Most of the ways in which companies talk to customers are meaningless. Customer surveys question what happened not what was expected. The expectation of the customer is the only thing that counts and on a scale of one to ten, all customer expectations are tens. Unless you have open, direct lines of productive talk right into the heart of hundreds of individual customers daily, you still don't get it.

If you believe as little as 15 percent of your time should be spent talking directly with the people who pay the bills, then you personally are spending 33 full days a year in one-to-one dialogue with your customers. You are finding out what they expect, what they think, how they see your company, what their product needs and ideas are, what their price sensitivity is this year, and a myriad of other concerns, interests and quirks that you must know if you are going to keep those customers coming back.

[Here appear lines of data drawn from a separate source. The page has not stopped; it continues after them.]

lemma keys_cover_crossers_crossing:
  assumes t: "t < length S" and IH: "\<And>s. 1 \<le> s \<Longrightarrow> keys_cover_crossers t s"
    and crossing: "crosses s (S ! t) (pks ! t)"
  shows "keys_cover_crossers (Suc t) s"
proof -
  obtain u where Su: "S ! t = Ins u" using crossing unfolding crosses_def by (cases "S ! t") auto
  obtain j k where ins: "insertion n h (state t) u j k"
    and next_state: "state (Suc t) = insert_shift (state t) j k (Key u)"
    and pk: "pks ! t = Some (used_peak h (state t) k)"
    by (rule step_InsE[OF valid_table_state step_state[OF t, unfolded Su]]) (use t in simp_all)
  define y where "y = h u"
  have ys: "y < s" and peak: "s \<le> used_peak h (state t) k"
    using crossing Su pk unfolding crosses_def y_def by auto
  obtain r \<tau> where r: "1 \<le> r" "r \<le> y" and mono: "mono \<tau>" and bounded: "\<forall>x. \<tau> x \<le> t"
    and old: "(y - r) + crossers y (state t) \<le> (\<Sum>x\<in>{r..<y}. key_count x (state (\<tau> x)))"
    using IH[of y] hash_pos unfolding keys_cover_crossers_def y_def by blast
  define \<tau>' where "\<tau>' x = (if x < y then \<tau> x else Suc t)" for x
  have "mono \<tau>'"
    using mono bounded unfolding \<tau>'_def by (auto intro!: monoI simp: mono_def le_Suc_eq)
  moreover have "\<forall>x. \<tau>' x \<le> Suc t" unfolding \<tau>'_def using bounded le_Suc_eq by auto
  moreover have "(s - r) + crossers s (state (Suc t)) \<le> (\<Sum>x\<in>{r..<s}. key_count x (state (\<tau>' x)))"
  proof -
    have new: "(s - y) + crossers s (state (Suc t))
        \<le> crossers y (state t) + (\<Sum>x\<in>{y..<s}. key_count x (state (Suc t)))"
      using insertion.crossers_shifted_le_key_count[OF ins _ peak] ys
      unfolding next_state y_def by simp
    have "(\<Sum>x\<in>{r..<s}. key_count x (state (\<tau>' x)))
        = (\<Sum>x\<in>{r..<y}. key_count x (state (\<tau>' x))) + (\<Sum>x\<in>{y..<s}. key_count x (state (\<tau>' x)))"
      using r ys by (simp add: sum.atLeastLessThan_concat)
    also have "\<dots> = (\<Sum>x\<in>{r..<y}. key_count x (state (\<tau> x)))
        + (\<Sum>x\<in>{y..<s}. key_count x (state (Suc t)))"
      by (intro arg_cong2[where f = "(+)"] sum.cong) (auto simp: \<tau>'_def)
    finally show ?thesis using old new r ys by linarith
  qed
  ultimately show ?thesis unfolding keys_cover_crossers_def using r ys by (intro exI) auto
qed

After years of focus on the customer relationship, most of our direct marketing CEOs have still not talked with a living, breathing customer in years. The dialogue starts and stops with TSRs and CSRs. I shop hundreds of catalogs, both business to business and consumer; not even once has a senior manager called to ask what I think or how I was treated as a customer . . . not once in the last ten years!

SOLUTIONS:

  1. Today, pick up the phone and talk with 5 of your top customers.
  2. The following day, talk with 5 of your worst customers.
  3. The third day, create 5 questions that you would like to ask any of your customers. Concentrate on questions that uncover expectations and help you build a better, customer-oriented business.
  4. Within one month, have your managers and supervisors doing the same thing on a daily basis.
  5. Make daily customer telephone calls a ritual part of your everyday business.

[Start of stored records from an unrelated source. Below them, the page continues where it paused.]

(* Let $(G,*,\le)$ be a totally ordered commutative semigroup, let $n\ge 1$, and let $a_1,a_2,\ldots,a_{2n}\in G$ (not necessarily distinct) with $a_1\le a_2\le\cdots\le a_{2n}$. Let $N\in G$. Suppose there are indices $i_1,j_1,\ldots,i_n,j_n$ with $\{i_1,j_1,\ldots,i_n,j_n\}=\{1,2,\ldots,2n\}$ (so these $2n$ indices are pairwise distinct and each of $1,\ldots,2n$ is used exactly once) such that $$a_{i_k}*a_{j_k}>N\quad\text{for all }k=1,\ldots,n.$$ Then $$a_k*a_{2n+1-k}>N\quad\text{for all }k=1,\ldots,n,$$ i.e. $a_1*a_{2n}>N$, $a_2*a_{2n-1}>N$, $\ldots$, $a_n*a_{n+1}>N$.
   Context: A totally ordered commutative semigroup is a triple $(G,*,\le)$ where $(G,* )$ is a commutative semigroup (an associative, commutative binary operation $*$ on a set $G$) and $\le$ is a total order on $G$ such that for all $\alpha,\beta,\gamma,\delta\in G$: if $\alpha\le\beta$ and $\gamma\le\delta$ then $\alpha*\gamma\le\beta*\delta$. Here $x>y$ means $y\le x$ and $x\ne y$. *)

theory Defs
  imports Main
begin

definition tocs :: "('a::linorder \<Rightarrow> 'a \<Rightarrow> 'a) \<Rightarrow> bool" where
  "tocs op \<longleftrightarrow>
     (\<forall>x y z. op (op x y) z = op x (op y z)) \<and>
     (\<forall>x y. op x y = op y x) \<and>
     (\<forall>\<alpha> \<beta> \<gamma> \<delta>. \<alpha> \<le> \<beta> \<and> \<gamma> \<le> \<delta> \<longrightarrow> op \<alpha> \<gamma> \<le> op \<beta> \<delta>)"

end

theory Submission
  imports Defs
begin

(* Fix k \<le> n.  Since the 2n indices i_1,j_1,...,i_n,j_n exhaust {1..2n},
   the pairs {i_m, j_m} form a perfect matching of {1..2n}.  A counting argument shows that
   some pair has smaller entry \<le> k and larger entry \<le> 2n+1-k: otherwise the pairs meeting
   {1..k} are at least k in number (each contains exactly one element of {1..k}), while their
   larger entries are distinct elements of {2n+2-k..2n}, a set with only k-1 elements.
   For such a pair, monotonicity of the sorted sequence and of the operation gives
   N < a_{i_m} * a_{j_m} \<le> a_k * a_{2n+1-k}. *)

lemma tocs_commute: "tocs op \<Longrightarrow> op x y = op y x"
  unfolding tocs_def by blast

lemma tocs_mono: "tocs op \<Longrightarrow> x \<le> y \<Longrightarrow> z \<le> w \<Longrightarrow> op x z \<le> op y w"
  unfolding tocs_def by blast

lemma tocs_min_max: "tocs op \<Longrightarrow> op (a (min x y)) (a (max x y)) = op (a x) (a y)"
  by (cases "x \<le> y") (auto simp: min_def max_def intro: tocs_commute)

lemma covering_is_matching:
  assumes fin: "finite I"
    and cover: "i ` I \<union> j ` I = S" and card_S: "card S = 2 * card I"
  shows "inj_on i I" "inj_on j I" "i ` I \<inter> j ` I = {}"
proof -
  have "card (i ` I) + card (j ` I) = card S + card (i ` I \<inter> j ` I)"
    using card_Un_Int[of "i ` I" "j ` I"] fin cover by simp
  moreover have "card (i ` I) \<le> card I" "card (j ` I) \<le> card I"
    by (rule card_image_le[OF fin])+
  ultimately have ci: "card (i ` I) = card I" and cj: "card (j ` I) = card I"
    and "card (i ` I \<inter> j ` I) = 0"
    using card_S by linarith+
  then show "i ` I \<inter> j ` I = {}" using fin by simp
  show "inj_on i I" by (rule eq_card_imp_inj_on[OF fin ci])
  show "inj_on j I" by (rule eq_card_imp_inj_on[OF fin cj])
qed

lemma matching_shared_index:
  assumes "inj_on i I" "inj_on j I" "i ` I \<inter> j ` I = {}"
    and "m1 \<in> I" "m2 \<in> I" "x \<in> {i m1, j m1}" "x \<in> {i m2, j m2}"
  shows "m1 = m2"
  using assms by (auto dest: inj_onD)

lemma matching_small_pair:
  fixes i j :: "'b \<Rightarrow> nat"
  assumes fin: "finite I"
    and inj_i: "inj_on i I" and inj_j: "inj_on j I" and disj: "i ` I \<inter> j ` I = {}"
    and cover: "i ` I \<union> j ` I = {1..2 * n}"
    and k: "1 \<le> k" "k \<le> n"
  shows "\<exists>m \<in> I. min (i m) (j m) \<le> k \<and> max (i m) (j m) \<le> 2 * n + 1 - k"
proof (rule ccontr)
  define lo where "lo m = min (i m) (j m)" for m
  define hi where "hi m = max (i m) (j m)" for m
  have hi_in_pair: "hi m \<in> {i m, j m}" for m by (simp add: hi_def max_def)
  assume "\<not> ?thesis"
  then have big_hi: "2 * n + 1 - k < hi m" if "m \<in> I" "lo m \<le> k" for m
    using that unfolding lo_def hi_def by (meson not_le)
  define X where "X = {m \<in> I. lo m \<le> k}"
  have fin_X: "finite X" using fin by (simp add: X_def)
  text \<open>Each element of {1..k} is the smaller entry of its pair, whose larger entry exceeds k.\<close>
  have "{1..k} \<subseteq> lo ` X"
  proof
    fix p assume p: "p \<in> {1..k}"
    then have "p \<in> i ` I \<union> j ` I" using cover k by auto
    then obtain m where m: "m \<in> I" "p = i m \<or> p = j m" by blast
    then have "lo m \<le> p" by (auto simp: lo_def)
    then have lo_m: "lo m \<le> k" using p by simp
    then have "k < hi m" using big_hi[OF m(1)] k by linarith
    then have "p = lo m" using m(2) p unfolding lo_def hi_def by (auto simp: min_def max_def)
    with m(1) lo_m show "p \<in> lo ` X" by (auto simp: X_def)
  qed
  then have "card {1..k} \<le> card (lo ` X)" by (intro card_mono finite_imageI fin_X)
  also have "\<dots> \<le> card X" by (rule card_image_le[OF fin_X])
  finally have "k \<le> card X" by simp
  have "inj_on hi X"
  proof
    fix m1 m2 assume "m1 \<in> X" "m2 \<in> X" and eq: "hi m1 = hi m2"
    then have "m1 \<in> I" "m2 \<in> I" by (auto simp: X_def)
    moreover have "hi m1 \<in> {i m2, j m2}" using hi_in_pair[of m2] eq by simp
    ultimately show "m1 = m2"
      by (rule matching_shared_index[OF inj_i inj_j disj _ _ hi_in_pair])
  qed
  moreover have "hi ` X \<subseteq> {2 * n + 2 - k..2 * n}"
  proof
    fix q assume "q \<in> hi ` X"
    then obtain m where m: "m \<in> I" "lo m \<le> k" "q = hi m" by (auto simp: X_def)
    have "i m \<le> 2 * n" "j m \<le> 2 * n" using cover m(1) by auto
    then show "q \<in> {2 * n + 2 - k..2 * n}"
      using big_hi[OF m(1,2)] m(3) unfolding hi_def by auto
  qed
  ultimately have "card X \<le> card {2 * n + 2 - k..2 * n}"
    by (intro card_inj_on_le) auto
  also have "\<dots> = k - 1" using k by simp
  finally show False using \<open>k \<le> card X\<close> k by linarith
qed

theorem theorem2p5:
  fixes op :: "'a::linorder \<Rightarrow> 'a \<Rightarrow> 'a"
    and n :: nat and a :: "nat \<Rightarrow> 'a" and N :: 'a
    and i j :: "nat \<Rightarrow> nat"
  assumes "tocs op"
    and "n \<ge> 1"
    and "\<And>k l. 1 \<le> k \<Longrightarrow> k \<le> l \<Longrightarrow> l \<le> 2 * n \<Longrightarrow> a k \<le> a l"
    and "i ` {1..n} \<union> j ` {1..n} = {1..2 * n}"
    and "\<And>k. 1 \<le> k \<Longrightarrow> k \<le> n \<Longrightarrow> op (a (i k)) (a (j k)) > N"
  shows "\<forall>k \<in> {1..n}. op (a k) (a (2 * n + 1 - k)) > N"
proof
  fix k assume k: "k \<in> {1..n}"
  note matching = covering_is_matching[OF _ assms(4)]
  have "\<exists>m \<in> {1..n}. min (i m) (j m) \<le> k \<and> max (i m) (j m) \<le> 2 * n + 1 - k"
    using k by (intro matching_small_pair[OF _ matching assms(4)]) auto
  then obtain m where m: "m \<in> {1..n}"
    and small: "min (i m) (j m) \<le> k" "max (i m) (j m) \<le> 2 * n + 1 - k"
    by blast
  have range: "1 \<le> i m" "1 \<le> j m" using assms(4) m by auto
  have "N < op (a (i m)) (a (j m))" using assms(5) m by auto
  also have "\<dots> = op (a (min (i m) (j m))) (a (max (i m) (j m)))"
    using tocs_min_max[OF assms(1)] by metis
  also have "\<dots> \<le> op (a k) (a (2 * n + 1 - k))"
    using small range k by (intro tocs_mono[OF assms(1)] assms(3)) auto
  finally show "op (a k) (a (2 * n + 1 - k)) > N" .
qed

end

7. Too much missing, flawed or unreliable information

Direct marketers are failing or are in danger of failing because they are making increasingly more important and more expensive decisions based on too much missing, flawed or unreliable information. At almost every company I consult with, information is on a "fly by the seat of the pants" or a "guesstimate" basis. Where information is organized, it cannot be verified; where information is not organized, there is no recognition of the importance of the formulaic nature of business to business direct marketing.

At a time when information technology is at an all-time high in international direct marketing, the reality is that maybe only 10% of our consumer and business to business direct marketing companies have absolute information.

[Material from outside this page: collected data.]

(* Let $(\pi,T,\eta,\mu)$ be a $T$-invariant random system which is time reversible with time-reversing map $\tilde J$, and let $J$ be the induced unitary composition operator $Jf=f\circ J$ on $L^2(X,\mu)$. Then, as operators on $L^2(X,\mu)$, $P_{\eta,T}^*=J^*P_{\eta,T}J$.
   Context: A measured fibration is a measurable map $\pi:\mathcal M\to X$ between Borel spaces together with a family $\eta=\{\eta_x\}_{x\in X}$ of probability measures on $\mathcal M$ with $\eta_x(\pi^{-1}(x))=1$ for every $x$, measurable in the sense that $x\mapsto\eta_x(f)=\int f\,d\eta_x$ is Borel for every Borel $f:\mathcal M\to[0,\infty]$. A random system $(\pi,T,\eta,\mu)$ consists of such a measured fibration, a measurable map $T:\mathcal M\to\mathcal M$, and a probability measure $\mu$ on $X$; $\mu\circ\eta$ is the probability measure on $\mathcal M$ with $(\mu\circ\eta)(f)=\int_X\eta_x(f)\,d\mu(x)$. The Markov operator is $(P_{\eta,T}f)(x)=\int_{\pi^{-1}(x)}f(\pi(T(\xi)))\,d\eta_x(\xi)$. The random system is $T$-invariant if $T$ is a measurable isomorphism and $\nu:=\mu\circ\eta$ satisfies $T_*\nu=\nu$. It is time reversible if there is a measurable isomorphism $\tilde J:\mathcal M\to\mathcal M$ mapping fibers of $\pi$ to fibers, with $\tilde J_*\nu=\nu$ and $T\circ\tilde J=\tilde J\circ T^{-1}$; then $\tilde J$ induces a $\mu$-preserving measurable isomorphism $J:X\to X$ with $J\circ\pi=\pi\circ\tilde J$, and $\tilde J$ is called the time-reversing map. *)

theory Defs
  imports "HOL-Probability.Probability"
begin

text \<open>Borel spaces are modelled as measurable spaces in which all points are measurable.\<close>
definition points_measurable :: "'a measure \<Rightarrow> bool" where
  "points_measurable M \<longleftrightarrow> (\<forall>x\<in>space M. {x} \<in> sets M)"

definition meas_iso :: "'a measure \<Rightarrow> 'b measure \<Rightarrow> ('a \<Rightarrow> 'b) \<Rightarrow> bool" where
  "meas_iso M N f \<longleftrightarrow> bij_betw f (space M) (space N) \<and> f \<in> measurable M N
     \<and> the_inv_into (space M) f \<in> measurable N M"

definition measured_fibration ::
    "'m measure \<Rightarrow> 'x measure \<Rightarrow> ('m \<Rightarrow> 'x) \<Rightarrow> ('x \<Rightarrow> 'm measure) \<Rightarrow> bool" where
  "measured_fibration M X \<pi> \<eta> \<longleftrightarrow>
     points_measurable M \<and> points_measurable X \<and>
     \<pi> \<in> measurable M X \<and>
     (\<forall>x\<in>space X. prob_space (\<eta> x) \<and> sets (\<eta> x) = sets M \<and>
         emeasure (\<eta> x) (\<pi> -` {x} \<inter> space M) = 1) \<and>
     (\<forall>f \<in> borel_measurable M. (\<lambda>x. \<integral>\<^sup>+ \<xi>. f \<xi> \<partial>\<eta> x) \<in> borel_measurable X)"

definition comp_kernel :: "'x measure \<Rightarrow> ('x \<Rightarrow> 'm measure) \<Rightarrow> 'm measure" where
  "comp_kernel \<mu> \<eta> = bind \<mu> \<eta>"

definition markov_op ::
    "('m \<Rightarrow> 'x) \<Rightarrow> ('m \<Rightarrow> 'm) \<Rightarrow> ('x \<Rightarrow> 'm measure) \<Rightarrow> ('x \<Rightarrow> real) \<Rightarrow> 'x \<Rightarrow> real" where
  "markov_op \<pi> T \<eta> f x = (\<integral>\<xi>. f (\<pi> (T \<xi>)) \<partial>\<eta> x)"

text \<open>Random system (pi,T,eta,mu); the base space X is space mu with sets mu.\<close>
definition random_system ::
    "'m measure \<Rightarrow> 'x measure \<Rightarrow> ('m \<Rightarrow> 'x) \<Rightarrow> ('m \<Rightarrow> 'm) \<Rightarrow> ('x \<Rightarrow> 'm measure) \<Rightarrow> bool" where
  "random_system M \<mu> \<pi> T \<eta> \<longleftrightarrow> measured_fibration M \<mu> \<pi> \<eta> \<and> T \<in> measurable M M \<and> prob_space \<mu>"

definition T_invariant ::
    "'m measure \<Rightarrow> 'x measure \<Rightarrow> ('m \<Rightarrow> 'x) \<Rightarrow> ('m \<Rightarrow> 'm) \<Rightarrow> ('x \<Rightarrow> 'm measure) \<Rightarrow> bool" where
  "T_invariant M \<mu> \<pi> T \<eta> \<longleftrightarrow> random_system M \<mu> \<pi> T \<eta> \<and> meas_iso M M T \<and>
     distr (comp_kernel \<mu> \<eta>) M T = comp_kernel \<mu> \<eta>"

definition time_reversing ::
    "'m measure \<Rightarrow> 'x measure \<Rightarrow> ('m \<Rightarrow> 'x) \<Rightarrow> ('m \<Rightarrow> 'm) \<Rightarrow> ('x \<Rightarrow> 'm measure) \<Rightarrow> ('m \<Rightarrow> 'm) \<Rightarrow> bool" where
  "time_reversing M \<mu> \<pi> T \<eta> Jt \<longleftrightarrow> meas_iso M M Jt \<and>
     (\<forall>\<xi>\<in>space M. \<forall>\<zeta>\<in>space M. \<pi> \<xi> = \<pi> \<zeta> \<longrightarrow> \<pi> (Jt \<xi>) = \<pi> (Jt \<zeta>)) \<and>
     distr (comp_kernel \<mu> \<eta>) M Jt = comp_kernel \<mu> \<eta> \<and>
     (\<forall>\<xi>\<in>space M. T (Jt \<xi>) = Jt (the_inv_into (space M) T \<xi>))"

Direct marketers fail because they don't know -- to the penny -- the cost to acquire a customer; to the penny, the lifetime net profitability of that customer; to the penny, the advertising support cost of that customer over the next one, two and three years; to the penny, the profitability of an advertising vehicle or channel; to the penny, the net profitability of each product. In short, far too much reliance is placed on the bottom line and not enough on the intervening lines of operation. The sick businesses are in a state of denial; the unhealthy businesses are working with bad numbers; the symptomatic businesses are worried that they may not have reality in hand; the healthy businesses can answer all the important questions without any doubt as to the validity of the knowledge.

SOLUTIONS:

  1. Name 4 bits of information/knowledge that your company needs to make better marketing decisions.
  2. Name 4 bits of information/knowledge that your company needs to make better merchandising decisions.
  3. Name 4 bits of information/knowledge that your company needs to make better promotion decisions.
  4. Isolate absolute information for 1 of each of the three categories above. Then do 2; then 3; then 4.
  5. Two months from now, answer absolutely no less than 12 specific information/knowledge measurement questions concerning your sales, products, economics, and customers.